For long, Ras Al Khaimah (RAK) remained in the shadows of its more famous siblings Dubai, Sharjah and Abu Dhabi, but is finally coming into its own
We found this tiny Emirate, one of the seven that make up United Arab Emirates (UAE), over-run with tourists and sighted luxury accommodation options, posh restaurants and malls at almost every corner.
Surrounded by the Hajar Mountains, RAK is the UAE’s northernmost Emirate and next-door to Oman. There is a reason or should we say several reasons for the tourist rush to this Emirate. It is loved by outdoor enthusiasts because of the large, clean, beaches, rugged mountains and vast sand-dunes.
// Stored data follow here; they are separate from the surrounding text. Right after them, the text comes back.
(* Let $p>2$ be an integer, $\theta\in(0,1)$, $\sigma>0$, $\bm D_0\in\mathbb O(n)$, and $\bm y=\bm D_0(\bm b\circ\bm g)$ where $\bm b\in\mathbb R^n$ has i.i.d. $\mathrm{Ber}(\theta)$ entries and $\bm g\in\mathbb R^n$ has i.i.d. $\mathcal N(0,\sigma^2)$ entries, independent of $\bm b$. Then for every $\bm a\in\mathbb S^{n-1}$, $$\mathbb E_{\bm y}|\bm a^*\bm y|^p\le\gamma_p\,\theta,\qquad \gamma_p=\sigma^p2^{p/2}\frac{\Gamma(\frac{p+1}{2})}{\sqrt\pi},$$ with equality if and only if $\|\bm a^*\bm D_0\|_0=1$. In particular the maximum of $\mathbb E_{\bm y}|\bm a^*\bm y|^p$ over $\mathbb S^{n-1}$ is $\gamma_p\theta$.
   Context: $\circ$ is the entrywise product; $\|\bm v\|_0$ is the number of nonzero entries; $\mathbb S^{n-1}$ the unit sphere in $\mathbb R^n$; $\mathbb O(n)$ the real orthogonal group; $\Gamma$ the Gamma function. *)

theory Defs
  imports "HOL-Probability.Probability"
begin

definition bg_measure :: "real \<Rightarrow> real \<Rightarrow> (('n::finite \<Rightarrow> bool) \<times> ('n \<Rightarrow> real)) measure" where
  "bg_measure \<theta> \<sigma> =
     (PiM UNIV (\<lambda>_. measure_pmf (bernoulli_pmf \<theta>))) \<Otimes>\<^sub>M
     (PiM UNIV (\<lambda>_. density lborel (normal_density 0 \<sigma>)))"

definition bg_vec :: "('n::finite \<Rightarrow> bool) \<Rightarrow> ('n \<Rightarrow> real) \<Rightarrow> real ^ 'n" where
  "bg_vec b g = (\<chi> i. (if b i then 1 else 0) * g i)"

definition moment_p :: "nat \<Rightarrow> real \<Rightarrow> real \<Rightarrow> real^'n^'n \<Rightarrow> real^'n::finite \<Rightarrow> real" where
  "moment_p p \<theta> \<sigma> D0 a =
     (\<integral>bg. \<bar>a \<bullet> (D0 *v bg_vec (fst bg) (snd bg))\<bar> ^ p \<partial>(bg_measure \<theta> \<sigma>))"

definition gamma_p :: "nat \<Rightarrow> real \<Rightarrow> real" where
  "gamma_p p \<sigma> = \<sigma> ^ p * 2 powr (real p / 2) * Gamma ((real p + 1) / 2) / sqrt pi"

definition l0 :: "real^'n::finite \<Rightarrow> nat" where
  "l0 v = card {i. v $ i \<noteq> 0}"

end

theory Submission
  imports Defs
begin

text \<open>Write w = D0^T a, a unit vector. Given the support pattern b, the scalar a^* y =
  sum_j w_j b_j g_j is a centred Gaussian of standard deviation sigma |w o b|, so its p-th absolute
  moment is gamma_p |w o b|^p. Since |w o b| <= 1 and p > 2, |w o b|^p <= |w o b|^2, whose
  expectation over b is theta |w|^2 = theta. If w had two nonzero entries w_k, w_l, the pattern
  b = e_k, which has positive probability, would give 0 < |w o b| < 1 and hence a strict loss;
  conversely a = D0 e_k attains the bound.\<close>

abbreviation gaussian_vec :: "real \<Rightarrow> ('n::finite \<Rightarrow> real) measure" where
  "gaussian_vec \<sigma> \<equiv> PiM UNIV (\<lambda>_. density lborel (normal_density 0 \<sigma>))"

abbreviation bernoulli_vec :: "real \<Rightarrow> ('n::finite \<Rightarrow> bool) measure" where
  "bernoulli_vec \<theta> \<equiv> PiM UNIV (\<lambda>_. measure_pmf (bernoulli_pmf \<theta>))"

section \<open>Absolute moments of Gaussians\<close>

lemma Gamma_nat_plus_half: "Gamma (real k + 1/2) = fact (2*k) * sqrt pi / (4^k * fact k)"
proof (induction k)
  case 0
  then show ?case using Gamma_one_half_real by simp
next
  case (Suc k)
  have "real k + 1/2 \<notin> \<int>\<^sub>\<le>\<^sub>0"
    using nonpos_Ints_nonpos by fastforce
  then have "Gamma (real (Suc k) + 1/2) = (real k + 1/2) * Gamma (real k + 1/2)"
    using Gamma_plus1[of "real k + 1/2"] by (simp add: algebra_simps)
  also have "\<dots> = (real k + 1/2) * (fact (2*k) * sqrt pi / (4^k * fact k))"
    using Suc by simp
  also have "\<dots> = fact (2*Suc k) * sqrt pi / (4^Suc k * fact (Suc k))"
    by (simp add: field_simps del: fact_Suc) (simp add: field_simps)
  finally show ?case .
qed

lemma gamma_p_pos: "\<sigma> > 0 \<Longrightarrow> gamma_p p \<sigma> > 0"
  unfolding gamma_p_def by (intro divide_pos_pos mult_pos_pos Gamma_real_pos) auto

lemma gamma_p_mult: "t \<ge> 0 \<Longrightarrow> gamma_p p (\<sigma> * t) = gamma_p p \<sigma> * t ^ p"
  by (simp add: gamma_p_def power_mult_distrib)

lemma integral_normal_abs_moment:
  assumes s: "s > 0"
  shows "(\<integral>x. normal_density 0 s x * \<bar>x\<bar> ^ p \<partial>lborel) = gamma_p p s"
proof (cases "even p")
  case True
  then obtain k where p: "p = 2*k" by auto
  have "(\<integral>x. normal_density 0 s x * \<bar>x\<bar> ^ p \<partial>lborel) = fact (2*k) / ((2 / s\<^sup>2)^k * fact k)"
    using integral_normal_moment_even[OF s, of 0 k] by (simp add: p power_mult)
  also have "\<dots> = gamma_p p s"
  proof -
    have "2 powr (real p / 2) = 2^k" by (simp add: p powr_realpow)
    moreover have "Gamma ((real p + 1) / 2) = Gamma (real k + 1/2)"
      by (simp add: p add_divide_distrib)
    ultimately have "gamma_p p s = (s\<^sup>2)^k * 2^k * (fact (2*k) * sqrt pi / (4^k * fact k)) / sqrt pi"
      unfolding gamma_p_def Gamma_nat_plus_half by (simp add: p power_mult)
    moreover have "(4::real)^k = 2^k * 2^k" by (simp add: power_mult_distrib[symmetric])
    ultimately show ?thesis
      using s by (simp add: power_divide field_simps)
  qed
  finally show ?thesis .
next
  case False
  then obtain k where p: "p = 2*k + 1" using oddE by blast
  have "(\<integral>x. normal_density 0 s x * \<bar>x\<bar> ^ p \<partial>lborel) = 2^k * s^(2*k + 1) * fact k * sqrt (2 / pi)"
    using integral_normal_moment_abs_odd[OF s, of 0 k] by (simp add: p)
  also have "\<dots> = gamma_p p s"
  proof -
    have "2 powr (real p / 2) = 2^k * sqrt 2"
      by (simp add: p add_divide_distrib powr_add powr_realpow powr_half_sqrt)
    moreover have "Gamma ((real p + 1) / 2) = fact k"
      using Gamma_fact[of k] by (simp add: p add_divide_distrib)
    ultimately show ?thesis
      using s by (simp add: gamma_p_def p real_sqrt_divide field_simps)
  qed
  finally show ?thesis .
qed

section \<open>Linear combinations of i.i.d. Gaussians\<close>

lemma prob_space_gaussian_vec: "\<sigma> > 0 \<Longrightarrow> prob_space (gaussian_vec \<sigma>)"
  by (intro prob_space_PiM prob_space_normal_density)

lemma distributed_gaussian_vec_coordinate:
  assumes "\<sigma> > 0"
  shows "distributed (gaussian_vec \<sigma>) lborel (\<lambda>g. g j) (normal_density 0 \<sigma>)"
proof -
  have "distr (gaussian_vec \<sigma>) lborel (\<lambda>g. g j)
      = distr (gaussian_vec \<sigma>) (density lborel (normal_density 0 \<sigma>)) (\<lambda>g. g j)"
    by (rule distr_cong) auto
  also have "\<dots> = density lborel (normal_density 0 \<sigma>)"
    using assms by (intro distr_PiM_component prob_space_normal_density) auto
  finally show ?thesis
    unfolding distributed_def by (auto simp: measurable_cong_sets[OF refl sets_density])
qed

lemma indep_vars_gaussian_vec_coordinates:
  assumes "\<sigma> > 0"
  shows "prob_space.indep_vars (gaussian_vec \<sigma>) (\<lambda>_. borel) (\<lambda>j g. g j) (UNIV :: 'n::finite set)"
proof -
  define N where "N = density lborel (normal_density 0 \<sigma>)"
  interpret G: prob_space "gaussian_vec \<sigma> :: ('n \<Rightarrow> real) measure"
    using prob_space_gaussian_vec[OF assms] .
  have N: "prob_space N" unfolding N_def using assms by (rule prob_space_normal_density)
  have "G.indep_vars (\<lambda>_. N) (\<lambda>j g. g j) UNIV"
  proof (subst G.indep_vars_iff_distr_eq_PiM)
    have "distr (gaussian_vec \<sigma>) (PiM UNIV (\<lambda>_. N)) (\<lambda>x. \<lambda>i\<in>UNIV. x i)
        = distr (gaussian_vec \<sigma>) (gaussian_vec \<sigma>) (\<lambda>x. x)"
      by (rule distr_cong) (auto simp: N_def)
    also have "\<dots> = PiM UNIV (\<lambda>i. distr (gaussian_vec \<sigma>) N (\<lambda>x. x i))"
      using N unfolding distr_id N_def by (subst distr_PiM_component) auto
    finally show "distr (gaussian_vec \<sigma>) (PiM UNIV (\<lambda>_. N)) (\<lambda>x. \<lambda>i\<in>UNIV. x i)
        = PiM UNIV (\<lambda>i. distr (gaussian_vec \<sigma>) N (\<lambda>x. x i))" .
  qed (auto simp: N_def)
  from G.indep_vars_compose2[OF this, of "\<lambda>_ x. x" "\<lambda>_. borel"] show ?thesis
    by (simp add: N_def measurable_cong_sets[OF sets_density refl])
qed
Shoppers have a great deal to look forward to given the spread of malls, souks and roadside stalls offering Western branded goods and plenty of merchandise typical of the region. This means dates of all kinds and delicacies made of them; baklava, perfumes, gold jewellery, richly embroidered textiles and shawls, carpets, hookahs and varieties of exquisite handicrafts the Arab culture is famed for.
Aside from its historical importance, the Dhayah Fort is more of a viewpoint thing and there is not much to explore once you get up there. The Bay of Dhayah has seen settlements since the 3rd millennium BC, and the hill has been used for settlement and fortification since prehistoric times, we were informed. An important milestone in its history is the 1819 defence when the Dhayah Fort played an important part in the resistance during the British attacks against the Ras Al Khaimah tribes.
The Ras Al Khaimah National Museum’s various galleries give visitors an idea of the history and culture of the emirate over the centuries. There was plenty of archaeological and ethnographic material on display including some delightful contemporary art by children. And one incredible display is four centuries old dates! Yes, apparently, they can survive this long! After driving past the white, multi-domed Sheikh Zayed Mosque on our visits around town, we finally visited its exterior area (entry is restricted). The mosque overlooks a popular hangout for locals—the Al Qawasim Corniche, a paved promenade with benches, kiosks and eateries which front the picturesque creek.